У Атанаса сдержанные движения, неулыбающееся лицо, дымчатые очки. Он завинчивает кофейник. Пока закипит, можно досмотреть картины.
Они висят и стоят, прислоненные к стенам, без рам, во второй комнате Атанаса, пустой и голой.
Здесь собраны любимые художники Атанаса, как правило пловдивчане. В их картинах есть как будто все, что должно нравиться. И все же чего-то тут не хватает. Есть холсты Златю Бояджиева, есть акварели Георгия Божилова, есть картины Светлина Русева, похожие на серебристо-коричневую майолику.
Чего же мне тут не хватает? Я мучительно вглядываюсь в холсты, стараюсь понять.
Кажется, Атанас угадывает мои мысли. Он молчит. Быть может, он молчит потому, что знает больше, чем я, но скорее всего он знает столько же.
Новое искусство рождается в муках отрицания. Какое оно будет? Это, кажется, никому не дано узнать. Ясно только одно: оно не будет таким, как прежде, хотим мы этого или не хотим.
Я готов был бы услышать мнение Атанаса. Знать, что думает он о своих картинах. О своих любимцах, молодых пловдивчанах. Но он, кажется, предпочитает не говорить об этом. Для разговора он отдает предпочтение литературе.
Комната наполняется запахом кофе. Атанас говорит об Альбере Камю, о Бабеле с его эпопеями размером четыре-пять страниц, он выказывает незаурядное понимание зачинательной функции русской литературы, да и всего русского искусства на заре революции. А я думаю о том, что вот сейчас уйду отсюда и никогда больше не увижу это лицо, эти темные резные потолки, эти беленые стены, черно-красные пледы на двух стоящих под углом застланных гладко тахтах. Не увижу скатерть солдатского сукна, лежащую на столе, не увижу больше картин молодых пловдивчан. И конечно же никогда не пойму, почему именно Атанас стал начальником отдела искусств и музеев городского народного совета.

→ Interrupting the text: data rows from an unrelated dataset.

theorem lemma4p8:
  fixes sm :: "complex \<Rightarrow> 'h::ab_group_add \<Rightarrow> 'h" and ip :: "'h \<Rightarrow> 'h \<Rightarrow> complex"
    and sm1 :: "complex \<Rightarrow> 'h1::ab_group_add \<Rightarrow> 'h1" and ip1 :: "'h1 \<Rightarrow> 'h1 \<Rightarrow> complex"
    and smd :: "complex \<Rightarrow> 'd::ab_group_add \<Rightarrow> 'd" and ipd :: "'d \<Rightarrow> 'd \<Rightarrow> complex"
    and smk :: "complex \<Rightarrow> 'k::ab_group_add \<Rightarrow> 'k" and ipk :: "'k \<Rightarrow> 'k \<Rightarrow> complex"
    and \<iota> :: "'h1 \<Rightarrow> 'h" and iK :: "'k \<Rightarrow> 'd"
    and D :: "'h set" and T :: "'h \<Rightarrow> 'h" and Ds :: "'h set" and Ts :: "'h \<Rightarrow> 'h"
    and DA :: "'h set" and A :: "'h \<Rightarrow> 'h"
    and \<gamma>0 \<gamma>1 :: "'h1 \<Rightarrow> 'k" and \<Gamma>0 \<Gamma>1 :: "'h \<Rightarrow> 'k \<Rightarrow> complex"
    and u v :: 'h
  \<comment> \<open>H0 separable Hilbert space\<close>
  assumes H0: "hilbert sm ip" "hseparable ip"
  \<comment> \<open>T closed densely defined symmetric, with adjoint (Ds, Ts)\<close>
    and T_lin: "clinear_on sm sm D T"
    and T_dense: "hdense ip D" and T_closed: "closed_op ip D T" and T_sym: "symmetric_op ip D T"
    and Ts_adj: "is_adjoint ip D T Ds Ts"
  \<comment> \<open>H1 dense subspace of H0, Hilbert in its own right, bounded inclusion\<close>
    and H1: "hilbert sm1 ip1" and \<iota>_lin: "clinear_on sm1 sm UNIV \<iota>" and \<iota>_inj: "inj \<iota>"
    and \<iota>_bdd: "bounded_op ip1 ip UNIV \<iota>" and H1_dense: "hdense ip (range \<iota>)"
  \<comment> \<open>K^\<partial> separable Hilbert space, K dense subspace, Hilbert in its own right, bounded inclusion\<close>
    and Kd: "hilbert smd ipd" "hseparable ipd"
    and K: "hilbert smk ipk" and iK_lin: "clinear_on smk smd UNIV iK" and iK_inj: "inj iK"
    and iK_bdd: "bounded_op ipk ipd UNIV iK" and K_dense: "hdense ipd (range iK)"
  \<comment> \<open>H1 \<subseteq> D(T^*) dense in graph norm, T^* bounded on H1\<close>
    and H1_sub: "range \<iota> \<subseteq> Ds"
    and H1_gdense: "\<forall>x\<in>Ds. \<forall>e>0. \<exists>w. graph_norm ip Ts (x - \<iota> w) < e"
    and Ts_bdd: "bounded_op ip1 ip UNIV (\<lambda>w. Ts (\<iota> w))"
  \<comment> \<open>boundary maps\<close>
    and \<gamma>_lin: "clinear_on sm1 smk UNIV \<gamma>0" "clinear_on sm1 smk UNIV \<gamma>1"
    and \<gamma>_bdd: "bounded_op ip1 ipk UNIV \<gamma>0" "bounded_op ip1 ipk UNIV \<gamma>1"
    and \<gamma>_surj: "\<forall>a b. \<exists>w. \<gamma>0 w = a \<and> \<gamma>1 w = b"
    and ker_dense: "hdense ip (\<iota> ` {w. \<gamma>0 w = 0 \<and> \<gamma>1 w = 0})"
    and DT: "D = \<iota> ` {w. \<gamma>0 w = 0 \<and> \<gamma>1 w = 0}"
    and Lagrange: "\<forall>w z. ip (Ts (\<iota> w)) (\<iota> z) - ip (\<iota> w) (Ts (\<iota> z)) =
                       ipd (iK (\<gamma>1 w)) (iK (\<gamma>0 z)) - ipd (iK (\<gamma>0 w)) (iK (\<gamma>1 z))"
  \<comment> \<open>\<Gamma>0, \<Gamma>1: the continuous extensions D(T^*) \<rightarrow> K' of \<gamma>0, \<gamma>1\<close>
    and \<Gamma>_range: "\<forall>x\<in>Ds. \<Gamma>0 x \<in> antidual smk ipk" "\<forall>x\<in>Ds. \<Gamma>1 x \<in> antidual smk ipk"
    and \<Gamma>_lin: "dual_linear_on sm Ds \<Gamma>0" "dual_linear_on sm Ds \<Gamma>1"
    and \<Gamma>_bdd: "graph_bounded ip Ts ipk Ds \<Gamma>0" "graph_bounded ip Ts ipk Ds \<Gamma>1"
    and \<Gamma>_ext: "\<forall>w. \<Gamma>0 (\<iota> w) = embK ipd iK (\<gamma>0 w)" "\<forall>w. \<Gamma>1 (\<iota> w) = embK ipd iK (\<gamma>1 w)"
    and Lagrange_ext: "\<forall>x\<in>Ds. \<forall>z. ip (Ts x) (\<iota> z) - ip x (Ts (\<iota> z)) =
                       pair_KpK (\<Gamma>1 x) (\<gamma>0 z) - pair_KpK (\<Gamma>0 x) (\<gamma>1 z)"
  \<comment> \<open>A self-adjoint, T \<subseteq> A \<subseteq> T^*, D(A) = Ker \<gamma>0, bounded everywhere defined inverse\<close>
    and A_sa: "self_adjoint_op ip DA A"
    and TA: "D \<subseteq> DA" "\<forall>x\<in>D. A x = T x"
    and ATs: "DA \<subseteq> Ds" "\<forall>x\<in>DA. A x = Ts x"
    and DA: "DA = \<iota> ` {w. \<gamma>0 w = 0}"
    and A_inv: "\<exists>B. clinear_on sm sm UNIV B \<and> bounded_op ip ip UNIV B \<and>
                   (\<forall>x. B x \<in> DA \<and> A (B x) = x) \<and> (\<forall>x\<in>DA. B (A x) = x)"
  \<comment> \<open>\<Gamma>0 restricts to a bijection Ker T^* \<rightarrow> K' (used to define \<gamma>(0))\<close>
    and \<Gamma>0_bij: "bij_betw \<Gamma>0 (kerTs Ds Ts) (antidual smk ipk)"
    and uv: "u \<in> Ds" "v \<in> Ds"
  shows "\<exists>a b. red_Gamma1 Ds Ts \<Gamma>0 \<Gamma>1 u = embK ipd iK a \<and> red_Gamma1 Ds Ts \<Gamma>0 \<Gamma>1 v = embK ipd iK b \<and>
           ip (Ts u) v - ip u (Ts v) = pair_KKp a (\<Gamma>0 v) - pair_KpK (\<Gamma>0 u) b"
proof -
  have I: "is_inner sm ip" using H0(1) unfolding hilbert_def by blast
  have Id: "is_inner smd ipd" using Kd(1) unfolding hilbert_def by blast
  obtain B where B: "\<forall>y. B y \<in> DA \<and> A (B y) = y" using A_inv by blast
  have Ker_inj: "inj_on \<Gamma>0 (kerTs Ds Ts)" using \<Gamma>0_bij bij_betw_def by blast
  note split = Ds_split_Ker_gamma0[OF I Id iK_lin T_dense Ts_adj ATs B DA H1_sub \<Gamma>_lin Ker_inj \<Gamma>_ext]
  note Lagrange_Ker = Lagrange_ext_Ker_gamma0[OF Lagrange_ext \<Gamma>_range(2)]
  obtain wu where u': "\<gamma>0 wu = 0" "Ts (\<iota> wu) = Ts u"
    "red_Gamma1 Ds Ts \<Gamma>0 \<Gamma>1 u = embK ipd iK (\<gamma>1 wu)"
    using split[OF uv(1)] by blast
  obtain wv kv where v': "\<gamma>0 wv = 0" "kv \<in> kerTs Ds Ts" "v = \<iota> wv + kv" "Ts (\<iota> wv) = Ts v"
    "\<Gamma>0 v = \<Gamma>0 kv" "red_Gamma1 Ds Ts \<Gamma>0 \<Gamma>1 v = embK ipd iK (\<gamma>1 wv)"
    using split[OF uv(2)] by blast
  have kv: "kv \<in> Ds" "Ts kv = 0" using v'(2) unfolding kerTs_def by auto
  have "ip kv (Ts u) = \<Gamma>0 v (\<gamma>1 wu)"
    using Lagrange_Ker[OF kv(1) u'(1)] kv(2) ip_zero1[OF I] u'(2) v'(5) by simp
  then have "ip (Ts u) kv = cnj (\<Gamma>0 v (\<gamma>1 wu))" using I unfolding is_inner_def by metis
  then have "ip (Ts u) v - ip u (Ts v) = cnj (\<Gamma>0 v (\<gamma>1 wu)) - \<Gamma>0 u (\<gamma>1 wv)"
    using Lagrange_Ker[OF uv(1) v'(1)] v'(3,4) ip_add2[OF I] by (simp add: algebra_simps)
  then show ?thesis using u'(3) v'(6) unfolding pair_KKp_def pair_KpK_def by blast
qed

end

Он провожает — с высокого крыльца до ворот, куда вделано черно-белое сграффито пловдивчанина Митко Кирова.
На ниспадающей улице старого города темновато. Где-то посередине обгоняет плоский широкий автомобиль. Его очертания угадываются в темноте, ярко видны лишь слепящие фары. На ходу автомобиль хрипит, свистит и захлебывается. Очевидно, к сигналу как-то подключен микрофон. Автомобиль мяукает, шипит, даже хохочет. И с хохотом исчезает за углом. На минуту остановясь от ошеломления, продолжаю свой путь к виднеющимся внизу людным улицам, к шумящей Марице, широкой, но на удивление неглубокой здесь.

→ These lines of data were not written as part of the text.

text \<open>Every difference quotient below is, by the mean value theorem or Taylor's formula,
  an average of a continuous function at two points within distance \<open>h\<close> of \<open>y\<close>.\<close>
lemma tendsto_two_point_average:
  fixes f :: "real \<times> real \<Rightarrow> real"
  assumes g: "isCont g x"
    and avg: "\<And>h y. h > 0 \<Longrightarrow> \<exists>a b. \<bar>a - y\<bar> \<le> h \<and> \<bar>b - y\<bar> \<le> h \<and> f (h, y) = (g a + g b) / 2"
  shows "(f \<longlongrightarrow> g x) (at (0, x) within ({0<..} \<times> UNIV))"
proof (rule tendstoI)
  fix e :: real assume "e > 0"
  then obtain d where d: "d > 0" "\<And>z. dist z x < d \<Longrightarrow> dist (g z) (g x) < e"
    using g unfolding continuous_at_eps_delta by blast
  show "\<forall>\<^sub>F p in at (0, x) within {0::real<..} \<times> UNIV. dist (f p) (g x) < e"
    unfolding eventually_at
  proof (intro exI[of _ "d/2"] conjI ballI impI)
    show "d/2 > 0" using d by simp
    fix p assume p: "p \<in> {0::real<..} \<times> (UNIV::real set)" "p \<noteq> (0, x) \<and> dist p (0, x) < d / 2"
    obtain h y where hy: "p = (h, y)" by fastforce
    have h: "0 < h" "h < d/2"
      using p dist_fst_le[of p "(0,x)"] hy by (auto simp: dist_real_def)
    have y: "\<bar>y - x\<bar> < d/2" using p dist_snd_le[of p "(0,x)"] hy by (simp add: dist_real_def)
    obtain a b where ab: "\<bar>a - y\<bar> \<le> h" "\<bar>b - y\<bar> \<le> h" "f (h, y) = (g a + g b) / 2"
      using avg[OF h(1)] by blast
    have "dist a x < d" "dist b x < d" using ab(1,2) h y unfolding dist_real_def by arith+
    then have "\<bar>g a - g x\<bar> < e" "\<bar>g b - g x\<bar> < e" using d by (auto simp: dist_real_def)
    then show "dist (f p) (g x) < e" using hy ab by (simp add: dist_real_def abs_less_iff field_simps)
  qed
qed

lemma tendsto_Dplus:
  assumes "\<And>z. (f has_real_derivative f' z) (at z)" "isCont f' x"
  shows "((\<lambda>(h, y). Dplus h f y) \<longlongrightarrow> f' x) (at (0, x) within ({0<..} \<times> UNIV))"
proof (rule tendsto_two_point_average[OF assms(2)])
  fix h y :: real assume h: "h > 0"
  then obtain z where "y < z" "z < y + h" "f (y + h) - f y = h * f' z"
    using MVT2[of y "y + h" f f'] assms(1) by auto
  then show "\<exists>a b. \<bar>a - y\<bar> \<le> h \<and> \<bar>b - y\<bar> \<le> h \<and> (\<lambda>(h, y). Dplus h f y) (h, y) = (f' a + f' b) / 2"
    using h by (intro exI[of _ z]) (auto simp: Dplus_def)
qed

lemma tendsto_Dminus:
  assumes "\<And>z. (f has_real_derivative f' z) (at z)" "isCont f' x"
  shows "((\<lambda>(h, y). Dminus h f y) \<longlongrightarrow> f' x) (at (0, x) within ({0<..} \<times> UNIV))"
proof (rule tendsto_two_point_average[OF assms(2)])
  fix h y :: real assume h: "h > 0"
  then obtain z where "y - h < z" "z < y" "f y - f (y - h) = h * f' z"
    using MVT2[of "y - h" y f f'] assms(1) by auto
  then show "\<exists>a b. \<bar>a - y\<bar> \<le> h \<and> \<bar>b - y\<bar> \<le> h \<and> (\<lambda>(h, y). Dminus h f y) (h, y) = (f' a + f' b) / 2"
    using h by (intro exI[of _ z]) (auto simp: Dminus_def)
qed

lemma tendsto_uxx:
  assumes f': "\<And>z. (f has_real_derivative f' z) (at z)"
    and f'': "\<And>z. (f' has_real_derivative f'' z) (at z)" and "isCont f'' x"
  shows "((\<lambda>(h, y). uxx h f y) \<longlongrightarrow> f'' x) (at (0, x) within ({0<..} \<times> UNIV))"
proof (rule tendsto_two_point_average[OF assms(3)])
  fix h y :: real assume h: "h > 0"
  define D :: "nat \<Rightarrow> real \<Rightarrow> real" where "D n = (if n = 0 then f else if n = 1 then f' else f'')" for n
  have D: "\<forall>m t. m < 2 \<and> a \<le> t \<and> t \<le> b \<longrightarrow> DERIV (D m) t :> D (Suc m) t" for a b :: real
    using f' f'' by (auto simp: D_def less_2_cases_iff)
  obtain t1 where t1: "y < t1" "t1 < y + h"
    "f (y + h) = (\<Sum>m<2. (D m y / fact m) * (y + h - y) ^ m) + (D 2 t1 / fact 2) * (y + h - y)\<^sup>2"
    using Taylor_up[of 2 D f y "y + h" y, OF _ _ D] h by (auto simp: D_def)
  obtain t2 where t2: "y - h < t2" "t2 < y"
    "f (y - h) = (\<Sum>m<2. (D m y / fact m) * (y - h - y) ^ m) + (D 2 t2 / fact 2) * (y - h - y)\<^sup>2"
    using Taylor_down[of 2 D f "y - h" y y, OF _ _ D] h by (auto simp: D_def)
  have "uxx h f y = (f'' t1 + f'' t2) / 2"
    using t1(3) t2(3) h unfolding uxx_def
    by (simp add: D_def numeral_2_eq_2 field_simps power2_eq_square)
  then show "\<exists>a b. \<bar>a - y\<bar> \<le> h \<and> \<bar>b - y\<bar> \<le> h \<and> (\<lambda>(h, y). uxx h f y) (h, y) = (f'' a + f'' b) / 2"
    using t1 t2 by (intro exI[of _ t1] exI[of _ t2]) auto
qed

Из тумана выныривают автомашины, груженные табаком. Мы едем навстречу, едем на самый верх, к Алеше.
Мы поднимаемся все выше и выше. Уже не видны внизу машины, деревья. Не виден Пловдив, раскинувшийся на трех холмах. Ничего не видно, все прикрыл слоистый туман. А над туманом, на вершине самого высокого холма, стоит Алеша.
Он приоделся. На нем плащ-палатка, новые сапоги. Он весь чистый и подобранный.
Он гранитный, он огромный.
А был он обыкновенный. Случалось, и сапоги прохуживались, и плащ-палатка приходила в негодность, и гимнастерка сидела не по мерке, косо-криво. И шинелька была коротковата.
Но он прошел все страны и повсюду, кажется, оставил друзей. Особенно в Болгарии.
Невдалеке, чуть пониже Алеши, стоит каменная пирамидка, там перечислены полки лейб-гвардии и армейские, полегшие в июне 1878 года, тогда было большое сражение с турками под Филиппополем.
Филиппополь — это ведь тот же Пловдив. Алеша пришел сюда и остался здесь — навсегда.
Его кличут запросто, как будто знали лично. А таких очень мало осталось и остается все меньше. Недалеко время, когда все будут думать, что он действительно был такой — выутюженный, в новеньких сапогах, обмундировании и плащ-палатке.
Он стоит задумчивый, возвышаясь над застлавшим город туманом, глядя поверх всего и думая думу, которую невозможно додумать.
В Софии я разыскал Цанко Лавренова. Приветливый, худощавый старик, похожий на продавца или счетовода, сидел в кресле неподалеку от невысокой чугунной печи.
Печь дышала теплом. Жена Цанко Лавренова носила из соседней комнаты картину за картиной.
Здесь были горбатые улочки старого Пловдива, летние и зимние. Были тихие монастырские дворы, клубящиеся пейзажи Родоп. Здесь был царь Симеон у врат Царьграда (копия, оригинал находится в Швеции). Здесь было много всего, хозяева не скупились на угощение. Здесь было вдоволь занятного, но, кажется, важнее всего было высказывание самого Лавренова: «Я выражаюсь так, как мне в каждый данный момент нужно. Говорю, чтобы выразить».
В работах Лавренова смешиваются приемы: графика соседствует с живописью, техника миниатюры — с широтой этюда.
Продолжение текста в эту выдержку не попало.